Não é difícil, é amplo

Migrando uma plataforma de 300 marcas para fora do Material UI v4

Nosso build de produção levava 54,5 segundos. Nosso dev server levava cerca de um minuto pra subir. Com cinco desenvolvedores batendo nisso várias vezes por dia, era aquele tipo de custo que você para de notar porque sempre esteve ali.

Mas os tempos de build não eram o problema de verdade. Eram o sintoma que eu conseguia medir.

O problema de verdade

A plataforma — um CRM e produto de mensageria whitelabel espalhado por seis repositórios — estava presa ao Node 16. Não por escolha. O Material UI v4 era o que nos segurava ali, e toda tentativa de avançar o Node esbarrava nele.

O que tornava isso teimoso não era dificuldade técnica. Não havia solução esperta a achar, nem bug sutil a caçar. Sair do MUI v4 significa ir pro v5, e o v5 troca o JSS pelo Emotion. Isso não é atualizar uma dependência — é reescrever a camada de estilo de cada componente da aplicação.

Então o problema não era difícil. Era amplo.

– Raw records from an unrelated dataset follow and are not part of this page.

text \<open>\<open>X / l1_norm X\<close> is a contraction: the operator norm of a matrix is bounded by the sum of
  the absolute values of its entries.\<close>

lemma norm_le_nuc_norm:
  fixes X :: "real^'n^'m"
  shows "norm X \<le> real (CARD('m) * CARD('n)) * nuc_norm X"
proof (cases "X = 0")
  case True
  then show ?thesis using nuc_norm_nonneg[of X] by simp
next
  case False
  define L where "L = l1_norm X"
  have nX: "norm X > 0" using False by simp
  have L_pos: "L > 0" unfolding L_def using norm_le_l1_norm[of X] nX by linarith
  define Q where "Q = (1 / L) *\<^sub>R X"
  have "norm (Q *v v) \<le> norm v" for v
  proof -
    have "norm (X *v v) \<le> onorm ((*v) X) * norm v"
      by (rule onorm[OF matrix_vector_mul_bounded_linear])
    also have "\<dots> \<le> L * norm v" unfolding L_def l1_norm_def
      by (intro mult_right_mono onorm_le_matrix_component_sum) auto
    finally have "norm (X *v v) \<le> L * norm v" .
    moreover have "Q *v v = (1 / L) *\<^sub>R (X *v v)" unfolding Q_def by (simp add: scaleR_matrix_vector_assoc)
    ultimately show "norm (Q *v v) \<le> norm v" using L_pos by (simp add: field_simps)
  qed
  then have "Q \<in> matrix_contractions" unfolding matrix_contractions_def by blast
  then have "Q \<bullet> X \<le> nuc_norm X" by (rule nuc_norm_ge_inner)
  moreover have "Q \<bullet> X = (norm X)^2 / L" unfolding Q_def by (simp add: power2_norm_eq_inner)
  ultimately have "norm X * norm X \<le> L * nuc_norm X" using L_pos by (simp add: field_simps power2_eq_square)
  also have "\<dots> \<le> (real (CARD('m) * CARD('n)) * norm X) * nuc_norm X"
    unfolding L_def using l1_norm_le_norm[of X] nuc_norm_nonneg[of X] by (intro mult_right_mono) auto
  finally show ?thesis using nX by (simp add: mult.assoc)
qed

section \<open>Subgradients of proximal points\<close>

definition subgradient :: "('a::real_inner \<Rightarrow> real) \<Rightarrow> 'a \<Rightarrow> 'a \<Rightarrow> bool" where
  "subgradient f x y \<longleftrightarrow> (\<forall>z. f x + y \<bullet> (z - x) \<le> f z)"

lemma subgradient_monotone:
  assumes "subgradient h x a" "subgradient h y b"
  shows "(a - b) \<bullet> (x - y) \<ge> 0"
proof -
  have "h x + a \<bullet> (y - x) \<le> h y" "h y + b \<bullet> (x - y) \<le> h x"
    using assms unfolding subgradient_def by blast+
  moreover have "a \<bullet> (y - x) = - (a \<bullet> (x - y))" by (metis inner_minus_right minus_diff_eq)
  ultimately show ?thesis by (simp add: inner_diff_left)
qed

Essa distinção importa, porque problemas amplos apodrecem diferente dos difíceis. Um problema difícil atrai atenção; alguém acaba achando ele interessante o bastante pra resolver. Um problema amplo só fica ali parado, porque nenhuma peça isolada é difícil e o todo é enorme. Ninguém quer ser a pessoa que mexe em cada componente do código.

Também era uma corrente

Depois que mapeei, não havia caminho incremental:

  • Node 16 estava preso pelo MUI v4
  • Sair do MUI v4 significa MUI v5
  • MUI v5 precisa de React 18
  • React 18 no nosso setup significava trocar o build

Quatro upgrades, nenhum deles podia ir ao ar de forma independente. Qualquer tentativa de fatiar teria deixado o app num estado que não buildava. Tinha que passar como uma peça só.

O que tornou viável

Aqui está a parte sobre a qual eu quero mesmo fazer um ponto.

Um mês antes de tudo isso, eu estava trabalhando em algo sem relação — ou eu achava. A plataforma é whitelabel, com mais de 300 marcas parceiras, cada uma precisando do seu visual, e cada tela resolvia isso de forma independente. O mesmo componente reimplementado em vários lugares com estilos ligeiramente diferentes. Corrija um bug em um, e ele seguia quebrado nos outros.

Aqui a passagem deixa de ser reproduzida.